He’s no Pennsylvania Lieutenant Governor John Fetterman. But, in his post-presidential life, Barack Obama has been committed to articulating a sense of personal style that makes one wonder whether a personal goal of his is convincing America that he is—and was—the first cool president of the modern era. If Obama had stuck to the boxy blazers that once defined his public image, well, nobody would have cared. This is America after all, where on the list of political cardinal sins, looking too fashionable is up there with sleeping with your intern.
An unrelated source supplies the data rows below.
(* Let $n\ge 4$ and let $B$ be an $n\times n$ nilpotent matrix over $\mathbb{F}$ with $B^2\neq 0$. Then $\mathcal{P}(\mathcal{N}_B)\subsetneq \mathcal{P}(n)$, i.e. there exists a partition $\underline{\mu}$ of $n$ such that no nilpotent matrix of shape $\underline{\mu}$ commutes with $B$.
   Context: $\mathbb{F}$ is an algebraically closed field of characteristic $0$. A partition of $n$ is a nonincreasing sequence of positive integers summing to $n$; $\mathcal{P}(n)$ denotes the set of all partitions of $n$. For a nilpotent matrix $A$, its shape $\mathrm{sh}(A)$ is the partition of $n$ given by the sizes of the Jordan blocks of its Jordan canonical form. For a nilpotent $n\times n$ matrix $B$, $\mathcal{N}_B$ is the set of all nilpotent $n\times n$ matrices $A$ with $AB=BA$, and $\mathcal{P}(\mathcal{N}_B)=\{\mathrm{sh}(A): A\in\mathcal{N}_B\}$. *)

theory Defs
  imports "Jordan_Normal_Form.Jordan_Normal_Form"
begin

definition alg_closed_type :: "'a :: field itself \<Rightarrow> bool" where
  "alg_closed_type _ \<longleftrightarrow> (\<forall>p :: 'a poly. degree p \<ge> 1 \<longrightarrow> (\<exists>x. poly p x = 0))"

definition is_partition :: "nat \<Rightarrow> nat list \<Rightarrow> bool" where
  "is_partition n mu \<longleftrightarrow> sorted_wrt (\<ge>) mu \<and> (\<forall>x\<in>set mu. 0 < x) \<and> sum_list mu = n"

definition nilpotent_mat :: "'a :: semiring_1 mat \<Rightarrow> bool" where
  "nilpotent_mat A \<longleftrightarrow> (\<exists>k. A ^\<^sub>m k = 0\<^sub>m (dim_row A) (dim_col A))"

definition has_shape :: "'a :: semiring_1 mat \<Rightarrow> nat list \<Rightarrow> bool" where
  "has_shape A mu \<longleftrightarrow> (\<exists>n_as. jordan_nf A n_as \<and> mu = rev (sort (map fst n_as)))"

definition nil_commutator :: "nat \<Rightarrow> 'a :: semiring_1 mat \<Rightarrow> 'a mat set" where
  "nil_commutator n B = {A. A \<in> carrier_mat n n \<and> nilpotent_mat A \<and> A * B = B * A}"

end

theory Submission
  imports Defs "Jordan_Normal_Form.Jordan_Normal_Form_Uniqueness"
begin
lemma T0_slow_asymptotics:
  assumes a: "0 < a" "a < pi" and "\<epsilon> \<le> pi/2" "0 < \<epsilon>"
  shows "((\<lambda>v. T0 v a \<epsilon> * ereal (v / (pi - a))) \<longlongrightarrow> 1) (at_right 0)"
proof -
  define F where "F v = T0 v a \<epsilon> * ereal (v / (pi - a))" for v
  have "pi - a > 0" using a by simp
  have slow: "eventually (\<lambda>v. v \<in> {0<..<a/(2*pi)}) (at_right 0)"
    using a by (intro eventually_at_right_real) simp
  have lower: "eventually (\<lambda>v. ereal 1 \<le> F v) (at_right 0)"
    using slow
  proof (rule eventually_mono)
    fix v assume v: "v \<in> {0<..<a/(2*pi)}"
    have "ereal ((pi - a)/v) \<le> T0 v a \<epsilon>"
      by (rule T0_ge) (use GCC_slow_lower_bound[of v a \<epsilon>] v assms in auto)
    then have "ereal ((pi - a)/v) * ereal (v / (pi - a)) \<le> F v"
      unfolding F_def by (rule ereal_mult_right_mono) (use v \<open>pi - a > 0\<close> in simp)
    moreover have "(pi - a)/v * (v / (pi - a)) = 1" using v \<open>pi - a > 0\<close> by simp
    ultimately show "ereal 1 \<le> F v" by simp
  qed
  have upper: "eventually (\<lambda>v. F v \<le> ereal (1 + 6 * pi * v / (pi - a))) (at_right 0)"
    using slow
  proof (rule eventually_mono)
    fix v assume v: "v \<in> {0<..<a/(2*pi)}"
    have "2 * pi * v < a" using v by (simp add: field_simps)
    have "(pi - a)/v + 6*pi > 0" using v \<open>pi - a > 0\<close> by (simp add: add_pos_pos)
    then have "T0 v a \<epsilon> \<le> ereal ((pi - a)/v + 6*pi)"
      by (rule T0_le[OF _ GCC_slow]) (use v \<open>2 * pi * v < a\<close> assms in auto)
    then have "F v \<le> ereal ((pi - a)/v + 6*pi) * ereal (v / (pi - a))"
      unfolding F_def by (rule ereal_mult_right_mono) (use v \<open>pi - a > 0\<close> in simp)
    moreover have "((pi - a)/v + 6*pi) * (v / (pi - a)) = 1 + 6 * pi * v / (pi - a)"
      using v \<open>pi - a > 0\<close> by (simp add: field_simps)
    ultimately show "F v \<le> ereal (1 + 6 * pi * v / (pi - a))" by simp
  qed
  have "((\<lambda>v. 1 + 6 * pi * v / (pi - a)) \<longlongrightarrow> 1 + 6 * pi * 0 / (pi - a)) (at_right 0)"
    by (intro tendsto_intros) (use \<open>pi - a > 0\<close> in simp)
  then have "((\<lambda>v. ereal (1 + 6 * pi * v / (pi - a))) \<longlongrightarrow> ereal 1) (at_right 0)" by simp
  then have "(F \<longlongrightarrow> ereal 1) (at_right 0)" by (rule tendsto_sandwich[OF lower upper, rotated]) simp
  then show ?thesis unfolding F_def by (simp add: one_ereal_def)
qed

lemma T0_fast_limit:
  assumes "0 < a" "0 < \<epsilon>" "\<epsilon> < 1"
  shows "((\<lambda>v. T0 v a \<epsilon>) \<longlongrightarrow> ereal (pi - 2 * \<epsilon>)) at_top"
proof (rule order_tendstoI)
  have "\<epsilon> < pi/2" using assms pi_gt3 by linarith
  then have lower: "ereal (pi - 2*\<epsilon>) \<le> T0 v a \<epsilon>" for v
    by (intro T0_ge) (use GCC_lower_bound[of \<epsilon> v a] assms in auto)
  fix y assume "y < ereal (pi - 2 * \<epsilon>)"
  then show "eventually (\<lambda>v. y < T0 v a \<epsilon>) at_top"
    using lower by (intro always_eventually allI) (metis less_le_trans)
next
  fix y assume "ereal (pi - 2 * \<epsilon>) < y"
  then obtain z where z: "pi - 2*\<epsilon> < z" "ereal z < y" using ereal_dense2 by force
  define \<delta> where "\<delta> = min \<epsilon> ((z - (pi - 2*\<epsilon>))/2)"
  have "\<delta> \<le> (z - (pi - 2*\<epsilon>))/2" unfolding \<delta>_def by (rule min.cobounded2)
  then have \<delta>: "0 < \<delta>" "\<delta> \<le> \<epsilon>" "pi - 2*\<epsilon> + \<delta> < z" using z assms unfolding \<delta>_def by auto
  have "2*\<epsilon> < pi" using assms pi_gt3 by linarith
  show "eventually (\<lambda>v. T0 v a \<epsilon> < y) at_top"
    using eventually_ge_at_top[of "12 * pi / \<delta>"]
  proof (rule eventually_mono)
    fix v assume "12 * pi / \<delta> \<le> v"
    then have "T0 v a \<epsilon> \<le> ereal (pi - 2*\<epsilon> + \<delta>)"
      by (intro T0_le[OF _ GCC_fast_near_lower_bound[OF assms \<delta>(1,2)]]) (use \<delta> \<open>2*\<epsilon> < pi\<close> in simp_all)
    also have "\<dots> < ereal z" using \<delta>(3) by simp
    also have "\<dots> < y" by (rule z(2))
    finally show "T0 v a \<epsilon> < y" .
  qed
qed

section \<open>Rational speeds\<close>

lemma near_multiple_of_pi:
  assumes "\<bar>sin t\<bar> < sin \<epsilon>" "0 < \<epsilon>" "\<epsilon> \<le> pi/2"
  obtains j :: int where "\<bar>t - of_int j * pi\<bar> < \<epsilon>"
proof -
  define j where "j = \<lfloor>t / pi + 1/2\<rfloor>"
  have "of_int j \<le> t/pi + 1/2" "t/pi + 1/2 < of_int j + 1" unfolding j_def by linarith+
  then have "of_int j * pi \<le> t + pi/2" "t + pi/2 < of_int j * pi + pi" by (simp_all add: field_simps)
  then have r: "\<bar>t - of_int j * pi\<bar> \<le> pi/2" by linarith
  have "sin t = sin ((t - of_int j * pi) + of_int j * pi)" by simp
  moreover have "sin (of_int j * pi) = 0" using sin_zero_iff_int2 by blast
  moreover from this have "\<bar>cos (of_int j * pi)\<bar> = 1"
    using sin_cos_squared_add[of "of_int j * pi"] by (simp add: abs_square_eq_1)
  ultimately have "\<bar>sin t\<bar> = \<bar>sin (t - of_int j * pi)\<bar>" by (simp only: sin_add) (simp add: abs_mult)
  also have "\<dots> = sin \<bar>t - of_int j * pi\<bar>" using r pi_gt_zero by (intro abs_sin_eq_sin_abs) linarith
  finally have "sin \<bar>t - of_int j * pi\<bar> < sin \<epsilon>" using assms(1) by simp
  then have "\<bar>t - of_int j * pi\<bar> < \<epsilon>" using r assms(2,3) by (subst (asm) sin_mono_less_eq) auto
  then show ?thesis by (rule that)
qed
lemma Zpin_renewal_even:
  assumes d: "d \<ge> 0" and A: "A \<subseteq> {1..b}"
  shows "(1 - exp (-d)) * (\<Sum>a\<in>A. Zpin d (2*a) * ret (2*(b-a))) \<le> Zpin d (2*b)"
proof -
  have "(\<Sum>a\<in>A. Zpin d (2*a) * ret (2*(b-a))) = (\<Sum>i\<in>(\<lambda>a. 2*a) ` A. Zpin d i * ret (2*b - i))"
    by (subst sum.reindex) (auto simp: inj_on_def diff_mult_distrib2)
  also have "\<dots> \<le> (\<Sum>i\<in>{1..2*b}. Zpin d i * ret (2*b - i))"
    using A by (intro sum_mono2) (auto intro: mult_nonneg_nonneg Zpin_nonneg ret_nonneg)
  finally have "(1 - exp (-d)) * (\<Sum>a\<in>A. Zpin d (2*a) * ret (2*(b-a)))
      \<le> (1 - exp (-d)) * (\<Sum>i\<in>{1..2*b}. Zpin d i * ret (2*b - i))"
    using d by (intro mult_left_mono) auto
  also have "\<dots> \<le> Zpin d (2*b)" by (rule Zpin_renewal[OF d])
  finally show ?thesis .
qed

lemma Zpin_convolution_lower:
  fixes x s :: real
  assumes d: "d \<ge> 0" and A: "A \<subseteq> {1..b}" and x: "x \<ge> 0" and s: "s \<ge> 0"
    and Zx: "\<And>a. a \<in> A \<Longrightarrow> x \<le> Zpin d (2*a)"
    and rs: "\<And>a. a \<in> A \<Longrightarrow> s \<le> ret (2*(b-a))"
  shows "(1 - exp (-d)) * (card A * (x * s)) \<le> Zpin d (2*b)"
proof -
  have "card A * (x * s) = (\<Sum>a\<in>A. x * s)" by simp
  also have "\<dots> \<le> (\<Sum>a\<in>A. Zpin d (2*a) * ret (2*(b-a)))"
    using Zx rs x s by (intro sum_mono mult_mono) (auto intro: Zpin_nonneg)
  finally have "(1 - exp (-d)) * (card A * (x * s))
      \<le> (1 - exp (-d)) * (\<Sum>a\<in>A. Zpin d (2*a) * ret (2*(b-a)))"
    using d by (intro mult_left_mono) auto
  also have "\<dots> \<le> Zpin d (2*b)" by (rule Zpin_renewal_even[OF d A])
  finally show ?thesis .
qed
(* $SN_{d\beta}=ISN_{d\beta}$, i.e. a term $t\in\mathtt T_J$ is strongly normalizing for $\to_{d\beta}$ if and only if $t\in ISN_{d\beta}$.
   Context: Terms $\mathtt T_J$: $t,u,r ::= x \mid \lambda x.t \mid t(u,y.r)$ ($y$ bound in $r$), up to $\alpha$-equivalence; $\{u/x\}t$ capture-avoiding substitution. List contexts $\mathtt D ::= \Diamond \mid t(u,y.\mathtt D)$. Distant beta: $\mathtt D\langle\lambda x.t\rangle(u,y.r) \mapsto_{d\beta} \{\{u/x\}\mathtt D\langle t\rangle/y\}r$ (variables bound by $\mathtt D$ not free in $u$, $x$ not in $\mathtt D$), $\to_{d\beta}$ its closure under all contexts; $SN_{d\beta}$ is the set of terms with no infinite $\to_{d\beta}$-sequence. Neutral terms $\mathtt n ::= x \mid \mathtt n(u,y.\mathtt n)$; answers $\mathtt a ::= \lambda x.t \mid \mathtt n(u,y.\mathtt a)$; neutral list contexts $\mathtt D_n ::= \Diamond \mid \mathtt n(u,y.\mathtt D_n)$; weak-head contexts $\mathtt W ::= \Diamond \mid \mathtt W(u,y.r) \mid \mathtt n(u,y.\mathtt W)$. $ISN_{d\beta}$ is the smallest set of terms closed under the rules: (snvar) $x\in ISN_{d\beta}$; (snabs) if $t\in ISN_{d\beta}$ then $\lambda x.t\in ISN_{d\beta}$; (snapp) if $\mathtt n,u,r\in ISN_{d\beta}$ with $\mathtt n$ neutral and $r\in\mathtt n\cup\mathtt a$, then $\mathtt n(u,y.r)\in ISN_{d\beta}$; (snbeta) if $\mathtt W\langle\{\{u/x\}\mathtt D_n\langle s\rangle/y\}r\rangle\in ISN_{d\beta}$, $\mathtt D_n\langle s\rangle\in ISN_{d\beta}$ and $u\in ISN_{d\beta}$, then $\mathtt W\langle\mathtt D_n\langle\lambda x.s\rangle(u,y.r)\rangle\in ISN_{d\beta}$. *)

theory Defs
  imports Main
begin

text \<open>Terms of the lambda-J calculus in de Bruijn representation (terms up to
alpha-equivalence). In JApp t u r, the third argument binds one variable (y).\<close>

datatype trm = Var nat | Lam trm | JApp trm trm trm

fun dB_lift :: "trm \<Rightarrow> nat \<Rightarrow> trm" where
  "dB_lift (Var i) k = (if i < k then Var i else Var (Suc i))"
| "dB_lift (Lam t) k = Lam (dB_lift t (Suc k))"
| "dB_lift (JApp t u r) k = JApp (dB_lift t k) (dB_lift u k) (dB_lift r (Suc k))"

fun dB_subst :: "trm \<Rightarrow> nat \<Rightarrow> trm \<Rightarrow> trm" where
  "dB_subst (Var i) k s = (if k < i then Var (i - 1) else if i = k then s else Var i)"
| "dB_subst (Lam t) k s = Lam (dB_subst t (Suc k) (dB_lift s 0))"
| "dB_subst (JApp t u r) k s =
     JApp (dB_subst t k s) (dB_subst u k s) (dB_subst r (Suc k) (dB_lift s 0))"

definition dB_liftn :: "nat \<Rightarrow> trm \<Rightarrow> trm" where
  "dB_liftn n u = ((\<lambda>x. dB_lift x 0) ^^ n) u"

text \<open>List contexts D ::= Hole | t(u, y.D): represented as the list of the pairs (t,u)
from the outside in; the hole lies under length D binders.\<close>
type_synonym lctx = "(trm \<times> trm) list"

fun plugD :: "lctx \<Rightarrow> trm \<Rightarrow> trm" where
  "plugD [] s = s"
| "plugD ((t, u) # D) s = JApp t u (plugD D s)"

text \<open>contrD D t u = {u/x} D<t>, where x is the variable bound by the removed lambda
(index 0 of t); u is lifted over the binders of D (which are not free in u).\<close>
definition contrD :: "lctx \<Rightarrow> trm \<Rightarrow> trm \<Rightarrow> trm" where
  "contrD D t u = plugD D (dB_subst t 0 (dB_liftn (length D) u))"

inductive dbeta :: "trm \<Rightarrow> trm \<Rightarrow> bool" where
  root: "dbeta (JApp (plugD D (Lam t)) u r) (dB_subst r 0 (contrD D t u))"
| lam: "dbeta t t' \<Longrightarrow> dbeta (Lam t) (Lam t')"
| app1: "dbeta t t' \<Longrightarrow> dbeta (JApp t u r) (JApp t' u r)"
| app2: "dbeta u u' \<Longrightarrow> dbeta (JApp t u r) (JApp t u' r)"
| app3: "dbeta r r' \<Longrightarrow> dbeta (JApp t u r) (JApp t u r')"

definition SN_dbeta :: "trm \<Rightarrow> bool" where
  "SN_dbeta t \<longleftrightarrow> \<not> (\<exists>f. f 0 = t \<and> (\<forall>i. dbeta (f i) (f (Suc i))))"

inductive neutral :: "trm \<Rightarrow> bool" where
  "neutral (Var i)"
| "neutral n \<Longrightarrow> neutral n' \<Longrightarrow> neutral (JApp n u n')"

inductive answer :: "trm \<Rightarrow> bool" where
  "answer (Lam t)"
| "neutral n \<Longrightarrow> answer a \<Longrightarrow> answer (JApp n u a)"

definition neutral_ctx :: "lctx \<Rightarrow> bool" where
  "neutral_ctx D \<longleftrightarrow> (\<forall>p \<in> set D. neutral (fst p))"

datatype wctx = WHole | WLeft wctx trm trm | WRight trm trm wctx

fun plugW :: "wctx \<Rightarrow> trm \<Rightarrow> trm" where
  "plugW WHole s = s"
| "plugW (WLeft W u r) s = JApp (plugW W s) u r"
| "plugW (WRight n u W) s = JApp n u (plugW W s)"

fun wh_ctx :: "wctx \<Rightarrow> bool" where
  "wh_ctx WHole = True"
| "wh_ctx (WLeft W u r) = wh_ctx W"
| "wh_ctx (WRight n u W) = (neutral n \<and> wh_ctx W)"

fun liftD :: "nat \<Rightarrow> lctx \<Rightarrow> lctx" where
  "liftD k [] = []"
| "liftD k ((t, u) # D) = (dB_lift t k, dB_lift u k) # liftD (Suc k) D"

text \<open>open_body D s: the term D<s> in which x (bound by the lambda in D<\<lambda>x.s>) is free;
in de Bruijn form x becomes the new outermost free variable (index 0), i.e.
D<s> = {x/x}D<s> computed from the lifted term lift(D<\<lambda>x.s>).\<close>
definition open_body :: "lctx \<Rightarrow> trm \<Rightarrow> trm" where
  "open_body D s = contrD (liftD 0 D) (dB_lift s (Suc (length D))) (Var 0)"

inductive ISN :: "trm \<Rightarrow> bool" where
  snvar: "ISN (Var i)"
| snabs: "ISN t \<Longrightarrow> ISN (Lam t)"
| snapp: "ISN n \<Longrightarrow> ISN u \<Longrightarrow> ISN r \<Longrightarrow> neutral n \<Longrightarrow> neutral r \<or> answer r
           \<Longrightarrow> ISN (JApp n u r)"
| snbeta: "wh_ctx W \<Longrightarrow> neutral_ctx D \<Longrightarrow>
           ISN (plugW W (dB_subst r 0 (contrD D s u))) \<Longrightarrow>
           ISN (open_body D s) \<Longrightarrow> ISN u \<Longrightarrow>
           ISN (plugW W (JApp (plugD D (Lam s)) u r))"

end

theory Submission
  imports Defs "HOL-Library.Multiset" "HOL-Library.Function_Algebras"
begin

text \<open>
  SN implies ISN: a strongly normalising term is accessible for the converse of reduction.
  We induct on accessibility and, inside, on size along the component relation, whose
  steps go to immediate subterms and from an answer \<open>D\<langle>\<lambda>x.s\<rangle>\<close> to its opened
  body \<open>D\<langle>s\<rangle>\<close>. Reductions of a component are simulated by reductions of the whole
  term, and every premise of an ISN rule is a component or a reduct.

  ISN implies SN: we type terms with non-idempotent intersection types, counting the size
  of derivations. By a substitution lemma this size strictly decreases under reduction, so
  typable terms are strongly normalising. Conversely ISN terms are typable (neutral ones at
  every type) by induction on ISN, where the rule snbeta is subject expansion, proved by
  anti-substitution.
\<close>

lemma length_liftD [simp]: "length (liftD k D) = length D"
  by (induction k D rule: liftD.induct) auto

lemma dB_lift_plugD: "dB_lift (plugD D t) k = plugD (liftD k D) (dB_lift t (k + length D))"
  by (induction D arbitrary: k) auto

lemma contrD_Nil: "contrD [] t u = dB_subst t 0 u"
  by (simp add: contrD_def dB_liftn_def)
Which is perhaps why Obama’s new look has taken shape slowly: over the past few years his pants have become progressively slimmer, his dress shoes have haltingly been swapped for sneakers. (We’ll forgive you the Allbirds for now, sir.) But after an entire presidential administration outside the White House, Obama has clearly unlocked a level of previously untapped swagger—swagger he expresses, like the rest of us civilians, by wearing extremely cool jackets. When he attended a Duke vs. UNC March Madness game last year, it was in a Rag & Bone bomber jacket with the number “44” boastfully embroidered on the left sleeve. And then, surely knowing that the NBA tunnel is now the most important street style avenue on the planet, Obama rocked up to the first game of the 2019 NBA finals in a leather jacket that wouldn’t look out of place in a Supreme lookbook.
The latest entry into the Obama style canon came when someone passed our most prominent basketball fan the rock. In a video that’s been viewed over 20 million times, Obama, at a Biden campaign stop in a Flint, Michigan gymnasium, shows off an extremely wet three-point shot. Almost as impressive as the spontaneous walk-away three is his fit: handsome lace-ups, exquisitely tapered trousers, a VOTE mask, and a steely black harrington-style jacket, just cropped enough in the body to suggest it wasn’t picked up at the Congressional Country Club pro shop.
A few weeks later it popped up again, this time on the cover of InStyle in a portrait shot by Shaniqwa Jarvis. Though most celebrities don’t decide what they’re wearing on a magazine cover, most celebrities are not former presidents. And Obama chose to wear the jacket.
Mr. Obama’s new favorite garm isn’t of the fashion world, but it’s pretty darn close. As best we can tell, the bomber is from a 2018 Lululemon Lab collaboration with Canadian men’s fashion emporium Roden Gray, where Vancouverites go to stock up on Martine Rose, Online Ceramics, and Thom Browne. (MSRP: $498.) Like a Lulu yoga top, the jacket features form-fitting, geometric seams, and clearly allows for the freedom of movement required to drain a deep jumper. It also boasts the type of features one would expect in a teched-out designer garment hanging on the racks at Roden Gray: luxurious water-repellent fabric, magnetic pocket closures, and inner backpack straps, a design feature Helmut Lang often embraced. (Can you imagine Obama strutting down the street wearing his jacket over his shoulders like he’s trying to catch Tommy Ton’s eye?)
Most importantly, there’s that perfect crop. American politicians tend to wear outerwear that conceals: long overcoats or shapeless windbreakers that look like they were issued by FEMA. Obama’s jacket hits just under his belt, achieving a balanced, athletic proportion that one might expect to find in an Acronym lookbook.
Is Obama aware his fit is nailing a golden ratio of sorts, an intangible quality that elevates a fit above the sum of its parts? It’s all too easy to fetishize our last normal American president, to read prophecy into his fleeting public appearances, to turn every photo of him that crosses our feeds into a post-facto thirst trap. The former president didn’t return a request for comment, but it seems likely that the technocrat in Obama was drawn to the Lulu x Roden Gray jacket for its quiet functionality, the fact that it has all the features of a military-grade parka in the shell of a windbreaker that blends in in middle America. Obama is exploring a personal style that is verging on something like tactical normcore—but he makes it look as natural, effortless, and obvious as Fetterman’s Dickies-and-Margiela uniform.